И вот теперь… я стояла здесь и смотрела на неё. Я вдруг вспомнила, что я сделала тогда с ней, но вот он, Марат, тут же, так никуда и не делся, всё возле, а Марат тоже не самый худший был юноша когда-то, и как он влюбился в неё… И что, что она, конечно, никогда не осталась бы с ним на ночь, если бы я не отравила их тогда… Он в неё влюблён. Был и остался. Так что потеряла ли она в результате? Теперь мне так не казалось…
И всё же… Я могу не делать того, зачем меня послали. Я могу отдать любую яйцеклетку из нашего банка, кто и когда заметит разницу? Никто и никогда. Ведь гарантий сходства никаких нет, это вам не синий и жёлтый смешать, и то получатся разные оттенки зелёного, если чуть-чуть изменить пропорции, в яйцеклетке нет копии женщины, в теле которой она произведена, там всего лишь зашифрованный код всех поколений её предков. Так что никто и никогда не узнает о подмене. Ну, а эмбрион… ну не получилось, разрушился. И так 99,9 процентов, что он погибнет. Я могу это сделать. Могу оставить ей её ребёнка, и не трогать её клетки, отдам клетки тех, кто добровольно продал… Да, за моей спиной стоит охранник, но что он понимает? Я просто заставлю его выйти, я в любом случае сделаю это, потому что манипуляция не для глаз посторонних, тем более мужчин. Я могу… могу, и всё это без риска для себя…

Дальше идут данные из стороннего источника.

(* Let $G$ be a connected weighted multigraph on the vertex set $V$, $|V|\ge 2$, with positive edge weights and weighted adjacency matrix $A$. Let $i,j\in V$ be distinct. Then for every $t\in\bigl(0,(\rho(A_{jj}))^{-1}\bigr)$, the total weight $r_{ij(1)}(t)$ of all $i\to j$ hitting walks in $G(t)$ is finite and $$r_{ij(1)}(t)=\bigl(t^{-1}I-A_{jj}\bigr)^{-1}_i\,a_{\setminus j\,j}.$$
   Context: $G$ may have loops and multiple edges; $A=(a_{ij})$ has $a_{ij}$ equal to the sum of weights of the edges joining $i$ and $j$; $\rho(\cdot)$ denotes spectral radius. $G(t)$ is $G$ with all edge weights multiplied by $t$. A $v_0\to v_m$ walk is an alternating sequence of vertices and edges $v_0,e_1,v_1,\dots,e_m,v_m$ with $e_k$ joining $v_{k-1},v_k$; its weight is the product of its edge weights; a hitting $v_0\to v_m$ walk is one containing only one occurrence of $v_m$. Matrices are indexed by vertices; $A_{jj}$ is $A$ with row and column $j$ deleted (indexed by $V\setminus\{j\}$); $N^{-1}_i$ is the row of $N^{-1}$ indexed by $i$; $a_{\setminus j\,j}$ is column $j$ of $A$ with $a_{jj}$ removed. *)

theory Defs
  imports "HOL-Analysis.Analysis" "Jordan_Normal_Form.Spectral_Radius" "Jordan_Normal_Form.Determinant"
begin

(* A weighted multigraph on the vertex set {0..<n}: a finite edge set E of some type 'e,
   each edge e has a set of end vertices  ends e  (a singleton for a loop, a 2-set otherwise),
   and a weight  w e. *)
definition multigraph :: "nat \<Rightarrow> 'e set \<Rightarrow> ('e \<Rightarrow> nat set) \<Rightarrow> bool" where
  "multigraph n E ends \<longleftrightarrow> finite E \<and>
     (\<forall>e\<in>E. ends e \<subseteq> {0..<n} \<and> 1 \<le> card (ends e) \<and> card (ends e) \<le> 2)"

definition adj_mat :: "nat \<Rightarrow> 'e set \<Rightarrow> ('e \<Rightarrow> nat set) \<Rightarrow> ('e \<Rightarrow> real) \<Rightarrow> real mat" where
  "adj_mat n E ends w = mat n n (\<lambda>(i,j). \<Sum>e\<in>{e\<in>E. ends e = {i,j}}. w e)"

(* A walk v0,e1,v1,...,em,vm is represented as (v0, [(e1,v1),...,(em,vm)]). *)
type_synonym 'e walk = "nat \<times> ('e \<times> nat) list"

definition walk_verts :: "'e walk \<Rightarrow> nat list" where
  "walk_verts p = fst p # map snd (snd p)"

definition is_walk :: "nat \<Rightarrow> 'e set \<Rightarrow> ('e \<Rightarrow> nat set) \<Rightarrow> 'e walk \<Rightarrow> bool" where
  "is_walk n E ends p \<longleftrightarrow> fst p < n \<and>
     (\<forall>k < length (snd p). fst (snd p ! k) \<in> E \<and>
        ends (fst (snd p ! k)) = {walk_verts p ! k, walk_verts p ! Suc k})"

Я обернулась, показала охраннику, куда поставить аппарат УЗИ, он был на батарейках, так что мне его помощь не нужна даже в этом.
– Выйдете пока, – сказала я ему.
Он только кивнул. Я подошла ближе к кровати… да, пикает аппарат, шуршит ИВЛ, лицо перекрывает эта маска… Но это Таня. Таня… один взгляд на которую всегда вызывал во мне волнение восторга, потому что как я ни ненавидела её, но смотреть на неё без восхищения не могла, таким прекрасным и гармоничным было её лицо, таким изящным и грациозным тело, движения, будто она репетирует их перед зеркалом целыми днями, полны мягкой силы и гибкости настолько, что хочется им подражать. Но как подражать её нежному голосу, звенящему как струна, журчащему смеху? Как подражать вот этому всему, из чего состоит она вся, и всегда будет такой, даже когда станет старухой, останется притягательной. Если она притягивает меня, то как она действует на тех, кто никогда не испытывал ненависти к ней?

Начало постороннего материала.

(* Let $\alpha,\beta$ be compositions with $\beta\subseteq\alpha$, and suppose $\alpha/\beta$ is the disjoint sum of nonempty skew shapes $\alpha^1/\beta^1,\ldots,\alpha^k/\beta^k$, where no two of these components share a row or a column, and $\alpha^i/\beta^i$ lies strictly above $\alpha^{i+1}/\beta^{i+1}$ for $1\le i\le k-1$. Let $n_i=|\alpha^i/\beta^i|$. If for each $i$ the poset $\mathrm{SET}(\alpha^i/\beta^i)$ has a unique minimal element $M_i$, then $\mathrm{SET}(\alpha/\beta)$ has a unique minimal element, namely the tableau whose restriction to the component $\alpha^i/\beta^i$ is obtained from $M_i$ by replacing each entry $a$ with $a+n_1+\cdots+n_{i-1}$.
   Context: Diagrams of compositions have rows numbered from the bottom, row $i$ consisting of columns $1,\ldots,\alpha_i$; for $\beta\subseteq\alpha$ the skew diagram $\alpha/\beta$ consists of the cells in row $i$, column $j$ with $\beta_i<j\le\alpha_i$. $\alpha/\beta$ is a disjoint sum of nonempty sets of cells $A_1,\ldots,A_k$ (each itself a skew shape) if these partition the cells of $\alpha/\beta$ and, for $i\ne j$, the smallest interval containing the row indices of $A_i$ is disjoint from that of $A_j$, and likewise for column indices. $\mathrm{SET}$ of a skew shape with $m$ cells is the set of bijective fillings with $1,\ldots,m$ whose rows increase left to right and columns increase bottom to top. For $1\le i\le m-1$, $\pi_i(T)=T$ if $i+1$ is in a strictly higher row than $i$, $\pi_i(T)=s_i(T)$ (swap $i$ and $i+1$) if $i+1$ is in a strictly lower row than $i$, and $\pi_i(T)=0$ otherwise; the poset order is $T\le T'$ iff $T'$ is obtained from $T$ by a sequence of operators $\pi_i$ (all intermediate results nonzero). A minimal element is one with no strictly smaller element in $\mathrm{SET}$. *)

theory Defs
  imports Main
begin

type_synonym cell = "nat \<times> nat"   \<comment> \<open>(row, column), rows numbered from 1 at the bottom\<close>

definition is_composition :: "nat list \<Rightarrow> bool" where
  "is_composition \<alpha> \<longleftrightarrow> (\<forall>x\<in>set \<alpha>. 0 < x)"

definition part :: "nat list \<Rightarrow> nat \<Rightarrow> nat" where
  "part \<alpha> r = (if 1 \<le> r \<and> r \<le> length \<alpha> then \<alpha> ! (r - 1) else 0)"

definition comp_contained :: "nat list \<Rightarrow> nat list \<Rightarrow> bool" where
  "comp_contained \<beta> \<alpha> \<longleftrightarrow> length \<beta> \<le> length \<alpha> \<and> (\<forall>r. part \<beta> r \<le> part \<alpha> r)"

definition skew_diagram :: "nat list \<Rightarrow> nat list \<Rightarrow> cell set" where
  "skew_diagram \<alpha> \<beta> = {(r, j). 1 \<le> r \<and> r \<le> length \<alpha> \<and> part \<beta> r < j \<and> j \<le> part \<alpha> r}"

definition hull :: "nat set \<Rightarrow> nat set" where
  "hull S = {Min S..Max S}"

definition disjoint_sum :: "cell set \<Rightarrow> nat \<Rightarrow> (nat \<Rightarrow> cell set) \<Rightarrow> bool" where
  "disjoint_sum D k A \<longleftrightarrow>
     (\<Union>i\<in>{1..k}. A i) = D \<and>
     (\<forall>i\<in>{1..k}. A i \<noteq> {}) \<and>
     (\<forall>i\<in>{1..k}. \<forall>j\<in>{1..k}. i \<noteq> j \<longrightarrow>
        A i \<inter> A j = {} \<and>
        hull (fst ` A i) \<inter> hull (fst ` A j) = {} \<and>
        hull (snd ` A i) \<inter> hull (snd ` A j) = {})"

definition SET :: "cell set \<Rightarrow> (cell \<Rightarrow> nat) set" where
  "SET D = {T. bij_betw T D {1..card D} \<and> (\<forall>c. c \<notin> D \<longrightarrow> T c = 0) \<and>
     (\<forall>r j j'. (r, j) \<in> D \<and> (r, j') \<in> D \<and> j < j' \<longrightarrow> T (r, j) < T (r, j')) \<and>
     (\<forall>r r' j. (r, j) \<in> D \<and> (r', j) \<in> D \<and> r < r' \<longrightarrow> T (r, j) < T (r', j))}"

definition row_of :: "cell set \<Rightarrow> (cell \<Rightarrow> nat) \<Rightarrow> nat \<Rightarrow> nat" where
  "row_of D T i = fst (THE c. c \<in> D \<and> T c = i)"

definition swap_entries :: "nat \<Rightarrow> (cell \<Rightarrow> nat) \<Rightarrow> cell \<Rightarrow> nat" where
  "swap_entries i T = (\<lambda>c. if T c = i then i + 1 else if T c = i + 1 then i else T c)"

text \<open>The operator pi_i; None represents the result 0.\<close>
definition pi_op :: "cell set \<Rightarrow> nat \<Rightarrow> (cell \<Rightarrow> nat) \<Rightarrow> (cell \<Rightarrow> nat) option" where
  "pi_op D i T =
     (if row_of D T (i + 1) > row_of D T i then Some T
      else if row_of D T (i + 1) < row_of D T i then Some (swap_entries i T)
      else None)"

definition pi_step :: "cell set \<Rightarrow> (cell \<Rightarrow> nat) \<Rightarrow> (cell \<Rightarrow> nat) \<Rightarrow> bool" where
  "pi_step D T T' \<longleftrightarrow> T \<in> SET D \<and> (\<exists>i. 1 \<le> i \<and> i < card D \<and> pi_op D i T = Some T')"

definition set_le :: "cell set \<Rightarrow> (cell \<Rightarrow> nat) \<Rightarrow> (cell \<Rightarrow> nat) \<Rightarrow> bool" where
  "set_le D T T' \<longleftrightarrow> T \<in> SET D \<and> (pi_step D)\<^sup>*\<^sup>* T T'"

definition minimal_elements :: "cell set \<Rightarrow> (cell \<Rightarrow> nat) set" where
  "minimal_elements D = {T \<in> SET D. \<not> (\<exists>T'\<in>SET D. set_le D T' T \<and> T' \<noteq> T)}"

end

(* A standard extended tableau T is minimal iff whenever v + 1 lies in a strictly
   higher row than v, it lies in the same column: otherwise swapping v and v + 1 gives
   a tableau that pi_v sends to T.  The components occupy disjoint columns and A i
   lies above A (i + 1), so a minimal tableau of the sum fills A 1, A 2, ... in this
   order (else some v in a lower component is followed by v + 1 in a higher one).
   Each of its pieces, renumbered from 1, is then minimal, hence equal to M i.
   Conversely, in the shifted concatenation of the M i an entry v + 1 outside the
   component of v lies in a later, hence lower, component, so the criterion holds. *)
theory Submission
  imports Defs
begin

lemma SET_bij: "T \<in> SET E \<Longrightarrow> bij_betw T E {1..card E}"
  unfolding SET_def by simp

lemma SET_inj_on: "T \<in> SET E \<Longrightarrow> inj_on T E"
  using SET_bij bij_betw_imp_inj_on by blast

lemma SET_range: "T \<in> SET E \<Longrightarrow> c \<in> E \<Longrightarrow> T c \<in> {1..card E}"
  using SET_bij bij_betwE by blast

lemma SET_zero: "T \<in> SET E \<Longrightarrow> c \<notin> E \<Longrightarrow> T c = 0"
  unfolding SET_def by (cases c) auto

lemma SET_surj:
  assumes "T \<in> SET E" "v \<in> {1..card E}"
  obtains c where "c \<in> E" "T c = v"
  using SET_bij[OF assms(1)] assms(2) that unfolding bij_betw_def by (metis imageE)

lemma SET_row_less:
  "T \<in> SET E \<Longrightarrow> (r, j) \<in> E \<Longrightarrow> (r, j') \<in> E \<Longrightarrow> j < j' \<Longrightarrow> T (r, j) < T (r, j')"
  unfolding SET_def by blast

lemma SET_col_less:
  "T \<in> SET E \<Longrightarrow> (r, j) \<in> E \<Longrightarrow> (r', j) \<in> E \<Longrightarrow> r < r' \<Longrightarrow> T (r, j) < T (r', j)"
  unfolding SET_def by blast

lemma SET_finite: "T \<in> SET E \<Longrightarrow> c \<in> E \<Longrightarrow> finite E"
  using SET_range[of T E c] card.infinite by fastforce

lemma SETI:
  assumes "finite E" "inj_on T E" "\<And>c. c \<in> E \<Longrightarrow> T c \<in> {1..card E}"
    "\<And>c. c \<notin> E \<Longrightarrow> T c = 0"
    "\<And>r j j'. (r, j) \<in> E \<Longrightarrow> (r, j') \<in> E \<Longrightarrow> j < j' \<Longrightarrow> T (r, j) < T (r, j')"
    "\<And>r r' j. (r, j) \<in> E \<Longrightarrow> (r', j) \<in> E \<Longrightarrow> r < r' \<Longrightarrow> T (r, j) < T (r', j)"
  shows "T \<in> SET E"
proof -
  have "T ` E \<subseteq> {1..card E}" "card (T ` E) = card {1..card E}"
    using assms(2,3) card_image by auto
  then have "T ` E = {1..card E}"
    by (simp add: card_subset_eq)
  then show ?thesis
    unfolding SET_def bij_betw_def using assms by blast
qed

Я прикоснулась к её лунным волосам. Удивительно, какие они мягкие и тонкие, я не знала прежде, я думала они как мои – плотные и густые, нет, её совсем иные, так и гладила бы их, запуская пальцы к тёплой голове, накручивая вокруг фаланг, они как дистиллированная вода, такие же нежные, неплотные…

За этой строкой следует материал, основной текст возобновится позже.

(* For all integers $n\geq 3$ and $k\geq 0$, $$nI_{n,k}=(k+1)I_{n-1,k}+(n-k)I_{n-1,k-1}+[(k+1)^2+n-2]I_{n-2,k}+[2k(n-k-1)-n+3]I_{n-2,k-1}+[(n-k)^2+n-2]I_{n-2,k-2},$$ where $I_{m,j}=0$ for $j<0$.
   Context: For a permutation $\pi=a_1a_2\cdots a_m$ of $[m]=\{1,\ldots,m\}$, a descent is an index $1\leq i\leq m-1$ with $a_i>a_{i+1}$, and ${\rm d}(\pi)$ is the number of descents. An involution of $[m]$ is a permutation $\pi$ with $\pi^2=\mathrm{id}$. $I_{m,j}$ denotes the number of involutions of $[m]$ with exactly $j$ descents (so $I_{m,j}=0$ for $j<0$ or $j>m-1$). *)

theory Defs
  imports "HOL-Combinatorics.Permutations"
begin

definition des :: "nat \<Rightarrow> (nat \<Rightarrow> nat) \<Rightarrow> nat" where
  "des m p = card {i. 1 \<le> i \<and> i \<le> m - 1 \<and> p i > p (Suc i)}"

definition involutions :: "nat \<Rightarrow> (nat \<Rightarrow> nat) set" where
  "involutions m = {p. p permutes {1..m} \<and> p \<circ> p = id}"

definition Inv :: "nat \<Rightarrow> int \<Rightarrow> int" where
  "Inv m j = (if j < 0 then 0 else int (card {p \<in> involutions m. int (des m p) = j}))"

end

theory Submission
  imports Defs "HOL-Library.Multiset" "HOL-Library.Product_Lexorder"
begin

text \<open>Let T(n, m) be the number of symmetric m x m matrices of natural numbers with entry
  sum n. Send a pair (p, f), where p is an involution of [n] and f : [n] -> [0, m) is weakly
  increasing and strictly increasing at the descents of p, to the multiset of the pairs
  (f i, f (p i)). This is a bijection onto those matrices: f is read off from the sorted
  multiset, and p matches each pair with a mirror image of the same rank. Counting the f for a
  given p by stars and bars yields T(n, m) = sum_k I(n, k) C(m + n - 1 - k, n).

  On the other hand, removing an occurrence of an entry together with its mirror image yields
  n T(n, m) = m T(n - 1, m) + (m^2 + n - 2) T(n - 2, m). Substituting the first formula into this
  one and applying Pascal's rule and absorption, both sides become combinations of
  C(m + n - 1 - k, n), k < n. These functions of m are triangular in k (take m = 1, 2, ...),
  so the coefficients agree, and this is the recurrence.\<close>

section \<open>Weakly increasing sequences with prescribed strict ascents\<close>

definition compatible_seqs :: "nat \<Rightarrow> nat \<Rightarrow> nat set \<Rightarrow> (nat \<Rightarrow> nat) set" where
  "compatible_seqs n v D = {f. (\<forall>i. i \<notin> {1..n} \<longrightarrow> f i = 0) \<and> (\<forall>i\<in>{1..n}. f i < v) \<and>
     (\<forall>i. 1 \<le> i \<longrightarrow> i < n \<longrightarrow> f i \<le> f (Suc i) \<and> (i \<in> D \<longrightarrow> f i < f (Suc i)))}"

lemma compatible_seqs_mono:
  assumes "f \<in> compatible_seqs n v D" "1 \<le> i" "i \<le> j" "j \<le> n"
  shows "f i \<le> f j"
  using assms(3,4)
proof (induction j rule: dec_induct)
  case (step j)
  then have "f j \<le> f (Suc j)" using assms(1,2) unfolding compatible_seqs_def by auto
  with step show ?case by simp
qed simp

lemma compatible_seqs_0: "compatible_seqs 0 v D = {\<lambda>_. 0}"
  unfolding compatible_seqs_def by auto

lemma compatible_seqs_restrict:
  assumes f: "f \<in> compatible_seqs (Suc n) v D"
  shows "f(Suc n := 0) \<in> compatible_seqs n (if 1 \<le> n \<and> n \<in> D then f (Suc n) else Suc (f (Suc n))) D"
proof -
  have "f i < (if 1 \<le> n \<and> n \<in> D then f (Suc n) else Suc (f (Suc n)))" if "1 \<le> i" "i \<le> n" for i
  proof -
    have "f i \<le> f n" using compatible_seqs_mono[OF f that] by simp
    moreover have "f n \<le> f (Suc n) \<and> (1 \<le> n \<and> n \<in> D \<longrightarrow> f n < f (Suc n))"
      using f that unfolding compatible_seqs_def by auto
    ultimately show ?thesis by auto
  qed
  then show ?thesis using f unfolding compatible_seqs_def by auto
qed

lemma compatible_seqs_extend:
  assumes a: "a < v" and g: "g \<in> compatible_seqs n (if 1 \<le> n \<and> n \<in> D then a else Suc a) D"
  shows "g(Suc n := a) \<in> compatible_seqs (Suc n) v D"
proof -
  have g_bound: "g i < (if 1 \<le> n \<and> n \<in> D then a else Suc a)" if "1 \<le> i" "i \<le> n" for i
    using g that unfolding compatible_seqs_def by auto
  have g_last: "1 \<le> n \<Longrightarrow> g n \<le> a \<and> (n \<in> D \<longrightarrow> g n < a)"
    using g_bound[of n] by (cases "n \<in> D") auto
  show ?thesis unfolding compatible_seqs_def
  proof (intro CollectI conjI allI impI ballI)
    fix i assume "i \<notin> {1..Suc n}" then show "(g(Suc n := a)) i = 0"
      using g unfolding compatible_seqs_def by auto
  next
    fix i assume "i \<in> {1..Suc n}" then show "(g(Suc n := a)) i < v"
      using g_bound[of i] a by (cases "i = Suc n") (auto split: if_splits)
  next
    fix i assume "1 \<le> i" "i < Suc n" then show "(g(Suc n := a)) i \<le> (g(Suc n := a)) (Suc i)"
      using g_last g unfolding compatible_seqs_def by (cases "i = n") auto
  next
    fix i assume "1 \<le> i" "i < Suc n" "i \<in> D" then show "(g(Suc n := a)) i < (g(Suc n := a)) (Suc i)"
      using g_last g unfolding compatible_seqs_def by (cases "i = n") auto
  qed
qed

Удивительные тёмные, почти чёрные брови и такие густые, как это странно у такой блондинки, они узкими красивыми линиями уходили к вискам от тонкой переносицы, и никаких лишних волосков, с которыми, к примеру, постоянно боролась я, доводя от природы густые брови до состояния ниточек. А она ничего никогда вроде и не делает и остаётся вот такой прекрасной. Господи, какое лицо… Наверное, если бы кто-то хотел создать нечто идеальное, он должен был бы смотреть на неё. Вот этот идеальный широкий лоб, кто вымерял его и какой линейкой, чтобы он был вот таким под правильной скобкой волос над ним, выпуклый и светящийся. Эти ресницы, блестящие тёмным шёлком, я не вижу сейчас её глаз, но я знаю, какие они, какой в них глубокий синий цвет, какие широкие в них зрачки, кажется, в них отражается половина мира. Я не могла, как следует видеть губы, между них была вставлена трубка для дыхания, но их чёткая красивая линия была мне хорошо видна, как и их бледность, и кровь между ними, давнишняя уже, это только засохшие крупинки, всего лишь…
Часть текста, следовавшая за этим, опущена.